Wie lässt sich dieser Umschwung in einer halben Generation erklären?
Man geht kein Wagnis ein, wenn man die Erklärung im Jahrzehnt sucht, das zwischen den beiden Urnengängen lag. Die 1960er Jahre waren eine Epoche, in der die Gesellschaften der westlichen Hemisphäre einen radikalen Wandel erlebten. Was Jahrzehnte oder gar Jahrhunderte lang galt, wurde innerhalb kurzer Zeit Makulatur. Als Höhepunkt dieser Entwicklung gilt das Jahr 1968.
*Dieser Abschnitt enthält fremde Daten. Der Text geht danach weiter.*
lemma farey_gap_le:
  assumes x: "x \<in> farey Q" "x < 1" and y: "y \<in> farey Q"
    and next_x: "\<And>z. z \<in> farey Q \<Longrightarrow> x < z \<Longrightarrow> y \<le> z"
    and "farey_gap_pair Q x = (q, d)"
  shows "y - x \<le> 1 / (of_nat q * of_nat d)"
proof -
  obtain a q' where qx: "quotient_of x = (a, q')"
    by (cases "quotient_of x")
  define d' where "d' = farey_next_denom Q x"
  have a: "1 \<le> a" "a < q'"
    using quotient_of_farey(1) quotient_of_less_1 x qx by blast+
  have d': "int Q - q' < d'" "d' \<le> int Q" "q' dvd a * d' + 1"
    using farey_next_denom[OF x(1) qx] unfolding d'_def by auto
  have "q' \<le> int Q"
    using quotient_of_farey(3)[OF x(1) qx] .
  then have q_d: "q' = int q" "d' = int d"
    using assms(5) a d' unfolding farey_gap_pair_def qx d'_def[symmetric] by auto
  have "x + 1 / (of_int q' * of_int d') \<in> farey Q"
    using farey_add_unit_fraction[of a q' d' Q] a d' \<open>q' \<le> int Q\<close> quotient_of_div[OF qx] by simp
  moreover have "x < x + 1 / (of_int q' * of_int d')"
    using a d' \<open>q' \<le> int Q\<close> by simp
  ultimately have "y \<le> x + 1 / (of_int q' * of_int d')"
    by (rule next_x)
  then show ?thesis
    by (simp add: q_d)
qed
Damals entlud sich der Frust der geburtenstarken Nachkriegsjugend über verknöcherte Institutionen und Denkweisen in weltweiten Protesten. «Unter den Talaren Muff von 1000 Jahren» hiess es auf einem Transparent, das Hamburger Studenten im November 1967 enthüllten. Es wurde zu einem Slogan der 68er Bewegung, denn besser kann man die damalige Befindlichkeit kaum auf den Punkt bringen.
Paris wurde zu einem Epizentrum. Im Mai 1968 verbündeten sich Arbeiter und Studenten. Damals lag ein Hauch von Revolution in der Luft, ehe die Regierung von Präsident Charles de Gaulle die Kontrolle zurückgewinnen konnte. Ein Wortführer der Proteste war der deutschstämmige Daniel Cohn-Bendit, der bis heute als eine Art «Berufs-68er» durch die Talkshows tingelt.
Das ist eine zugegeben etwas bösartige Bezeichnung, doch sie zeigt auch, wie die damalige Bewegung die Nachwelt geprägt hat. Lange galten die «68er» in bürgerlichen Kreisen als Feindbild. 50 Jahre danach befinden sich die meisten von ihnen im Rentenalter, und der Blick auf die damalige Zeit ist fast schon durch Verklärung geprägt. Nur Christoph Blocher, der damals als Jus-Student auf der anderen Seite stand, arbeitet sich noch immer an den 68ern ab.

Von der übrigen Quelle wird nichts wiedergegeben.